07/08/021: Updated for the latest version

In [None]:
df = pd.read_csv('/kaggle/input/most-starred-github-repositories/Most starred Github Repositories.csv')
df.head()

Let's quickly go over the various columns of the dataset:
Project Name: Name of the repository in Github
* Stars: A bookmark or display of appreciation for a repository. 
* Forks : A fork is a copy of a repository that you manage.
* Language : Main programming languages used in the project
* Open Issues : Issues are suggested improvements, tasks or questions related to the repository. The issues which haven't been resolved are labelled as open issues.
* Description : A paragraph detailing the purpose of the project.
* Last Commit: A commit, or "revision", is an individual change to a file (or set of files). This field stores the date and time of the last commit.

Note: All the above definitions have been taken from the Github glossary.
The current dataset is ordered by the number of Stars ⭐️ i.e, the project with the maximum number of stars comes first and so on. Pandas supports three kinds of sorting: sorting by index labels, sorting by column values, and sorting by a combination of both. Let's now look at the different ways of sorting this dataset with some examples:

## 1. Sorting on a single column
The function used for sorting in pandas is called `DataFrame.sort_values()`. It is used to sort a DataFrame by its column or row values. Let's sort the dataset by the Forks column.

In [None]:
forks = df.sort_values(by='forks',ascending=False)
forks.head()

The function `dataframe.sort_values` comes with a lot of parameters. We will touch upon a few important ones as we advance through the article. In the above example, we have encountered two of them :
* by: The optional by parameter is  used to specify the column(s) which are used to determine the sorted order.
* ascending: specifies  whether to sort the dataframe in ascending or descending order. The default value is ascending. To sort in descending order, we need to specify `ascending=False`.

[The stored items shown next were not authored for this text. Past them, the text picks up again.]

lemma sum_wt_X_eq:
  "(\<Sum>T\<in>{T \<in> staircase n. X n T = k}. wt a b T) = (\<Sum>m\<le>n. (-1) ^ (m + k) * real (m choose k)
     * real (card (no_adjacent_subsets (n - 1) m)) * (a * b) ^ m * Z a b (n - m))"
  unfolding sum_wt_X_eq_inclusion_exclusion
    sum_filled_weight_Pow[where g = "\<lambda>m. (-1) ^ (m + k) * real (m choose k)"]
    sum_no_adjacent_by_card[OF diff_le_self,
      where h = "\<lambda>m. (-1) ^ (m + k) * real (m choose k) * ((a * b) ^ m * Z a b (n - m))"]
  by (simp add: mult_ac)

section \<open>Binomial moments and the Poisson limit\<close>

lemma tendsto_ratio_1: "(\<lambda>n. (real n - c) / (K + real n)) \<longlonglongrightarrow> 1"
  by real_asymp

lemma choose_div_fact: "real ((m + k) choose k) / fact (m + k) = 1 / (fact k * fact m)"
proof -
  have "fact k * fact m * real ((m + k) choose k) = (fact (m + k) :: real)"
    using binomial_fact_lemma[of k "m + k"] by (metis add_diff_cancel_right' le_add2 of_nat_fact of_nat_mult)
  then show ?thesis by (simp add: field_simps)
qed

lemma summable_choose_div_fact: "summable (\<lambda>m. real (m choose k) / fact m)"
proof -
  have "summable (\<lambda>m. 1 / fact k * (inverse (fact m) * (1::real) ^ m))"
    using summable_exp[of "1::real"] by (rule summable_mult)
  then have "summable (\<lambda>m. real ((m + k) choose k) / fact (m + k))"
    by (simp add: choose_div_fact field_simps)
  then show ?thesis by (rule summable_iff_shift[THEN iffD1])
qed

lemma sums_alternating_choose_div_fact:
  "(\<lambda>m. (-1) ^ (m + k) * real (m choose k) / fact m) sums (exp (-1) / fact k)"
proof -
  have "(\<lambda>m. (-1::real) ^ m / fact m) sums exp (-1)"
    using exp_converges[of "-1::real"] by (simp add: divide_inverse mult.commute)
  then have "(\<lambda>m. 1 / fact k * ((-1::real) ^ m / fact m)) sums (1 / fact k * exp (-1))"
    by (rule sums_mult)
  moreover have "(-1) ^ (m + k + k) * real ((m + k) choose k) / fact (m + k) = 1 / fact k * ((-1::real) ^ m / fact m)"
    for m
    using choose_div_fact[of m k] by (simp add: power_add field_simps)
  moreover have "(\<Sum>i<k. (-1) ^ (i + k) * real (i choose k) / fact i) = (0::real)"
    by (rule sum.neutral) simp
  ultimately show ?thesis
    using sums_iff_shift[of "\<lambda>m. (-1) ^ (m + k) * real (m choose k) / fact m" k] by simp
qed

text \<open>Method of moments for \<open>Poisson(1)\<close>: Tannery's theorem lets the limit pass through the
  inclusion--exclusion series when the binomial moments are dominated by those of \<open>Poisson(1)\<close>.\<close>
lemma alternating_binomial_moments_tendsto:
  fixes B :: "nat \<Rightarrow> nat \<Rightarrow> real"
  assumes lim: "\<And>m. (\<lambda>n. B n m) \<longlonglongrightarrow> 1 / fact m"
    and bound: "\<And>n m. \<bar>B n m\<bar> \<le> 1 / fact m"
    and vanish: "\<And>n m. n < m \<Longrightarrow> B n m = 0"
  shows "(\<lambda>n. \<Sum>m\<le>n. (-1) ^ (m + k) * real (m choose k) * B n m) \<longlonglongrightarrow> exp (-1) / fact k"
proof -
  define f where "f m n = (-1) ^ (m + k) * real (m choose k) * B n m" for m n
  have "(\<lambda>n. \<Sum>m. f m n) \<longlonglongrightarrow> (\<Sum>m. (-1) ^ (m + k) * real (m choose k) / fact m)"
  proof (rule tannerys_theorem[where M = "\<lambda>m. real (m choose k) / fact m", THEN conjunct2, THEN conjunct2])
    show "(\<lambda>n. f m n) \<longlonglongrightarrow> (-1) ^ (m + k) * real (m choose k) / fact m" for m
      unfolding f_def using tendsto_mult_left[OF lim[of m], of "(-1) ^ (m + k) * real (m choose k)"] by simp
    show "\<forall>\<^sub>F (m, n) in at_top \<times>\<^sub>F sequentially. norm (f m n) \<le> real (m choose k) / fact m"
      using mult_left_mono[OF bound] by (intro always_eventually) (simp add: f_def abs_mult)
  qed (auto simp: summable_choose_div_fact)
  moreover have "(\<Sum>m. f m n) = (\<Sum>m\<le>n. (-1) ^ (m + k) * real (m choose k) * B n m)" for n
    by (subst suminf_finite[of "{..n}"]) (auto simp: f_def vanish)
  ultimately show ?thesis
    using sums_alternating_choose_div_fact[THEN sums_unique, symmetric] by simp
qed

lemma finite_nat_le_real: "finite {k::nat. real k \<le> x}"
proof (rule finite_subset[of _ "{..nat \<lceil>x\<rceil>}"])
  show "{k::nat. real k \<le> x} \<subseteq> {..nat \<lceil>x\<rceil>}"
  proof
    fix k assume "k \<in> {k::nat. real k \<le> x}"
    then have "real k \<le> real_of_int \<lceil>x\<rceil>" using le_of_int_ceiling[of x] by (simp del: le_of_int_ceiling)
    then show "k \<in> {..nat \<lceil>x\<rceil>}" by (simp add: nat_le_iff)
  qed
qed simp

## 2. Sorting on multiple columns
Pandas also make it possible to sort the dataset on multiple columns. Simply, pass in the list of the desired columns names in the `sort_values` function as follows:

In [None]:
df.sort_values(by=['issues','stars']).head()

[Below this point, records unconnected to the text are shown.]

lemma set_integral_pos_AE:
  fixes h :: "'a \<Rightarrow> real"
  assumes "set_integrable M S h" "AE x in M. x \<in> S \<longrightarrow> 0 \<le> h x"
    and "\<not> (AE x in M. x \<in> S \<longrightarrow> h x = 0)"
  shows "0 < (LINT x:S|M. h x)"
proof -
  have int: "integrable M (\<lambda>x. indicator S x * h x)" and
    nonneg: "AE x in M. 0 \<le> indicator S x * h x"
    using assms(1,2) by (auto simp: set_integrable_def indicator_def elim!: eventually_mono)
  have "(LINT x:S|M. h x) \<noteq> 0"
  proof
    assume "(LINT x:S|M. h x) = 0"
    then have "AE x in M. indicator S x * h x = 0"
      using integral_nonneg_eq_0_iff_AE[OF int nonneg] by (simp add: set_lebesgue_integral_def)
    then have "AE x in M. x \<in> S \<longrightarrow> h x = 0"
      by eventually_elim (simp add: indicator_def)
    with assms(3) show False ..
  qed
  with set_integral_nonneg_AE[OF assms(2)] show ?thesis by simp
qed

lemma not_AE_zero_if_pos_on_positive_measure:
  fixes h :: "'a \<Rightarrow> real"
  assumes "AE x in M. x \<in> T \<longrightarrow> 0 < h x" "T \<subseteq> S" "T \<in> sets M" "0 < emeasure M T"
  shows "\<not> (AE x in M. x \<in> S \<longrightarrow> h x = 0)"
proof
  assume "AE x in M. x \<in> S \<longrightarrow> h x = 0"
  with assms(1) have "AE x in M. x \<notin> T"
    by eventually_elim (use assms(2) in auto)
  with assms(3) have "T \<in> null_sets M"
    by (simp add: AE_iff_null_sets)
  with assms(4) show False
    by (simp add: null_setsD1)
qed

lemma set_integrable_Ioo_continuous:
  fixes g :: "real \<Rightarrow> real"
  assumes "continuous_on {a..b} g"
  shows "set_integrable lborel {a<..<b} g"
  by (rule set_integrable_subset[OF borel_integrable_atLeastAtMost'[OF assms]]) auto

lemma F0_integrable_moments:
  assumes "f \<in> F0"
  shows "set_integrable lborel {0<..<1} (\<lambda>x. (f x)^2)"
    and "set_integrable lborel {0<..<1} (\<lambda>x. x * f x)"
proof -
  show "set_integrable lborel {0<..<1} (\<lambda>x. (f x)^2)"
    using assms by (simp add: F0_def)
  show "set_integrable lborel {0<..<1} (\<lambda>x. x * f x)"
  proof (rule set_integrable_bounded[where B=1])
    have "(\<lambda>x. x * (indicator {0<..<1} x * f x)) \<in> borel_measurable lborel"
      using assms by (auto simp: F0_def set_borel_measurable_def)
    then show "set_borel_measurable lborel {0<..<1} (\<lambda>x. x * f x)"
      by (simp add: set_borel_measurable_def mult.left_commute)
    show "AE x in lborel. x \<in> {0<..<1} \<longrightarrow> \<bar>x * f x\<bar> \<le> 1"
      using assms unfolding F0_def by (auto elim!: eventually_mono simp: abs_mult intro: mult_le_one)
  qed simp_all
qed

lemma F0_second_moment_less_one:
  assumes "f \<in> F0"
  shows "(LINT x:{0<..<1}|lborel. (f x)^2) < 1"
proof -
  have bound: "AE x in lborel. x \<in> {0<..<1} \<longrightarrow> \<bar>f x\<bar> < 1" and
    sq: "set_integrable lborel {0<..<1} (\<lambda>x. (f x)^2)"
    using assms unfolding F0_def by auto
  have one: "set_integrable lborel {0<..<1::real} (\<lambda>x. 1::real)"
    by (simp add: set_integrable_def)
  have int: "set_integrable lborel {0<..<1} (\<lambda>x. 1 - (f x)^2)"
    using one sq by simp
  have "0 < (LINT x:{0<..<1}|lborel. 1 - (f x)^2)"
  proof (rule set_integral_pos_AE[OF int])
    show "AE x in lborel. x \<in> {0<..<1} \<longrightarrow> 0 \<le> 1 - (f x)^2"
      using bound by eventually_elim (auto simp: abs_square_le_1)
    have "AE x in lborel. x \<in> {0<..<1} \<longrightarrow> 0 < 1 - (f x)^2"
      using bound by eventually_elim (auto simp: abs_square_less_1)
    then show "\<not> (AE x in lborel. x \<in> {0<..<1} \<longrightarrow> 1 - (f x)^2 = 0)"
      by (rule not_AE_zero_if_pos_on_positive_measure) simp_all
  qed
  also have "\<dots> = 1 - (LINT x:{0<..<1}|lborel. (f x)^2)"
    using one sq by (simp add: set_integral_unit_interval_one)
  finally show ?thesis by simp
qed

text \<open>For \<open>|y| \<le> 1\<close> the gap vanishes exactly at \<open>y = min (x/c) 1\<close>, the profile maximising
  \<open>\<integral> x f(x)\<close> among \<open>|f| \<le> 1\<close> with \<open>\<integral> f\<^sup>2 = 1 - 2c/3\<close> when \<open>c \<le> 1\<close>.\<close>
definition lagrange_gap :: "real \<Rightarrow> real \<Rightarrow> real \<Rightarrow> real" where
  "lagrange_gap c x y = c * y^2 - 2 * (x * y) + (x^2 - (max (x - c) 0)^2) / c"

lemma lagrange_gap_below:
  assumes "0 < c" "x \<le> c"
  shows "lagrange_gap c x y = (c * y - x)^2 / c"
  using assms by (simp add: lagrange_gap_def max_def field_simps power2_eq_square)

lemma lagrange_gap_above:
  assumes "0 < c" "c < x"
  shows "lagrange_gap c x y = (1 - y) * (2 * x - c * (1 + y))"
  using assms by (simp add: lagrange_gap_def max_def field_simps power2_eq_square)

lemma lagrange_gap_nonneg:
  assumes "0 < c" "\<bar>y\<bar> \<le> 1"
  shows "0 \<le> lagrange_gap c x y"
proof (cases "x \<le> c")
  case True
  then show ?thesis using assms by (simp add: lagrange_gap_below)
next
  case False
  have "c * (1 + y) \<le> c * 2"
    using assms by (intro mult_left_mono) auto
  then have "c * (1 + y) \<le> 2 * x"
    using False by linarith
  then show ?thesis using False assms by (simp add: lagrange_gap_above)
qed

lemma lagrange_gap_pos:
  assumes "0 < c" "c < x" "\<bar>y\<bar> < 1"
  shows "0 < lagrange_gap c x y"
proof -
  have "c * (1 + y) < c * 2"
    using assms by (intro mult_strict_left_mono) auto
  then have "c * (1 + y) < 2 * x"
    using assms by linarith
  then show ?thesis using assms by (simp add: lagrange_gap_above)
qed

lemma lagrange_gap_one:
  assumes "x \<le> 1"
  shows "lagrange_gap 1 x y = (y - x)^2"
  using assms lagrange_gap_below[of 1 x y] by (simp add: power2_commute)

lemma set_integral_lagrange_gap:
  fixes f :: "real \<Rightarrow> real"
  assumes f: "f \<in> F0" and c: "0 < c"
  shows "set_integrable lborel {0<..<1} (\<lambda>x. lagrange_gap c x (f x))"
    and "(LINT x:{0<..<1}|lborel. lagrange_gap c x (f x))
           = c * (LINT x:{0<..<1}|lborel. (f x)^2) - 2 * (LINT x:{0<..<1}|lborel. x * f x)
             + (1/3 - (max (1 - c) 0)^3 / 3) / c"
proof -
  note sq = F0_integrable_moments(1)[OF f] and xf = F0_integrable_moments(2)[OF f]
  have x2: "set_integrable lborel {0<..<1} (\<lambda>x::real. x^2)"
    by (intro set_integrable_Ioo_continuous continuous_intros)
  have pos_part: "set_integrable lborel {0<..<1} (\<lambda>x. (max (x - c) 0)^2)"
    by (intro set_integrable_Ioo_continuous continuous_intros)
  show "set_integrable lborel {0<..<1} (\<lambda>x. lagrange_gap c x (f x))"
    unfolding lagrange_gap_def using sq xf x2 pos_part by simp
  show "(LINT x:{0<..<1}|lborel. lagrange_gap c x (f x))
           = c * (LINT x:{0<..<1}|lborel. (f x)^2) - 2 * (LINT x:{0<..<1}|lborel. x * f x)
             + (1/3 - (max (1 - c) 0)^3 / 3) / c"
    unfolding lagrange_gap_def using sq xf x2 pos_part c
    by (simp add: set_integral_unit_interval_square set_integral_unit_interval_pos_part_square)
qed

lemma Jhat_eq_moments:
  fixes f :: "real \<Rightarrow> real"
  assumes "f \<in> F0"
  defines "a \<equiv> LINT x:{0<..<1}|lborel. (f x)^2" and "b \<equiv> LINT x:{0<..<1}|lborel. x * f x"
  shows "Jhat f = a - 2 * b + 1/3 - 3/4 * (a - 1/3)^2"
proof -
  note sq = F0_integrable_moments(1)[OF assms(1)] and xf = F0_integrable_moments(2)[OF assms(1)]
  have x2: "set_integrable lborel {0<..<1} (\<lambda>x::real. x^2)"
    by (intro set_integrable_Ioo_continuous continuous_intros)
  have "L2_normsq01 (\<lambda>y. f y - y) = (LINT x:{0<..<1}|lborel. (f x)^2 - 2 * (x * f x) + x^2)"
    unfolding L2_normsq01_def L2_inner01_def
    by (rule arg_cong[where f="set_lebesgue_integral lborel _"]) (auto simp: power2_eq_square algebra_simps)
  also have "\<dots> = a - 2 * b + 1/3"
    using sq xf x2 by (simp add: a_def b_def set_integral_unit_interval_square)
  finally have norm: "L2_normsq01 (\<lambda>y. f y - y) = a - 2 * b + 1/3" .
  have "L2_inner01 (\<lambda>y. f y - y) (\<lambda>y. f y + y) = (LINT x:{0<..<1}|lborel. (f x)^2 - x^2)"
    unfolding L2_inner01_def
    by (rule arg_cong[where f="set_lebesgue_integral lborel _"]) (auto simp: power2_eq_square algebra_simps)
  also have "\<dots> = a - 1/3"
    using sq x2 by (simp add: a_def set_integral_unit_interval_square)
  finally have inner: "L2_inner01 (\<lambda>y. f y - y) (\<lambda>y. f y + y) = a - 1/3" .
  show ?thesis
    unfolding Jhat_def norm inner ..
qed

lemma Jhat_eq_lagrange_gap:
  fixes f :: "real \<Rightarrow> real"
  assumes f: "f \<in> F0"
  defines "c \<equiv> 3/2 * (1 - (LINT x:{0<..<1}|lborel. (f x)^2))"
  shows "Jhat f = (LINT x:{0<..<1}|lborel. lagrange_gap c x (f x)) + (max (c - 1) 0)^3 / (3 * c)"
proof -
  define a where "a = (LINT x:{0<..<1}|lborel. (f x)^2)"
  define b where "b = (LINT x:{0<..<1}|lborel. x * f x)"
  have c: "0 < c"
    using F0_second_moment_less_one[OF f] by (simp add: c_def)
  have a: "a = 1 - 2 * c / 3"
    by (simp add: a_def c_def field_simps)
  have pos_parts: "(max (1 - c) 0)^3 - (max (c - 1) 0)^3 = (1 - c)^3"
    by (cases "c \<le> 1") (simp_all add: max_def power3_eq_cube algebra_simps)
  have "Jhat f = a - 2 * b + 1/3 - 3/4 * (a - 1/3)^2"
    using Jhat_eq_moments[OF f] by (simp add: a_def b_def)
  also have "\<dots> = c * a - 2 * b + (1/3 - (max (1 - c) 0)^3 / 3) / c + (max (c - 1) 0)^3 / (3 * c)"
    using c pos_parts unfolding a by (simp add: field_simps power2_eq_square power3_eq_cube)
  also have "\<dots> = (LINT x:{0<..<1}|lborel. lagrange_gap c x (f x)) + (max (c - 1) 0)^3 / (3 * c)"
    using set_integral_lagrange_gap(2)[OF f c] by (simp add: a_def b_def)
  finally show ?thesis .
qed

lemma F0_lagrange_gap_nonneg_AE:
  assumes "f \<in> F0" "0 < c"
  shows "AE x in lborel. x \<in> {0<..<1} \<longrightarrow> 0 \<le> lagrange_gap c x (f x)"
  using assms unfolding F0_def by (auto elim!: eventually_mono intro: lagrange_gap_nonneg)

In the example above, we have sorted the dataframe based on the number of `open issues` and the number of stars a project has. Note that by default, the sorting has been done in ascending order.

## 3. Sorting by Multiple Columns With Different Sort Orders
When sorting by multiple columns, it is also possible to pass in different sort orders for different columns.

In [None]:
df.sort_values(by=['issues', 'stars'],
        ascending=[False, True]).head(10)

In the above examples, the dataframe will be first sorted on the `Open Issues` column in ascending order and then on the `Stars` column in descending order.

## 4. Sorting by index

Another way of sorting a dataframe would be by its index. In section 1, we created a dataframe named forks. This is just another version of the original dataframe, which has been sorted on the `Forks` columns. The dataframe appears like this:

In [None]:
forks.head()

As is evident, the index is unsorted. We can sort it by using the `dataframe.sort_index()` function.


In [None]:
forks.sort_index()

Alternatively, you can sort the index in descending order by passing in the `ascending=False` the argument in the function above.


## 5. Ignore the index while sorting

The index column can also be ignored entirely while sorting the dataframe. This results in an index labeled from 0 to n-1 where n refers to the number of observations.



In [None]:
df.sort_values(by='forks',ascending=False, ignore_index=True).head()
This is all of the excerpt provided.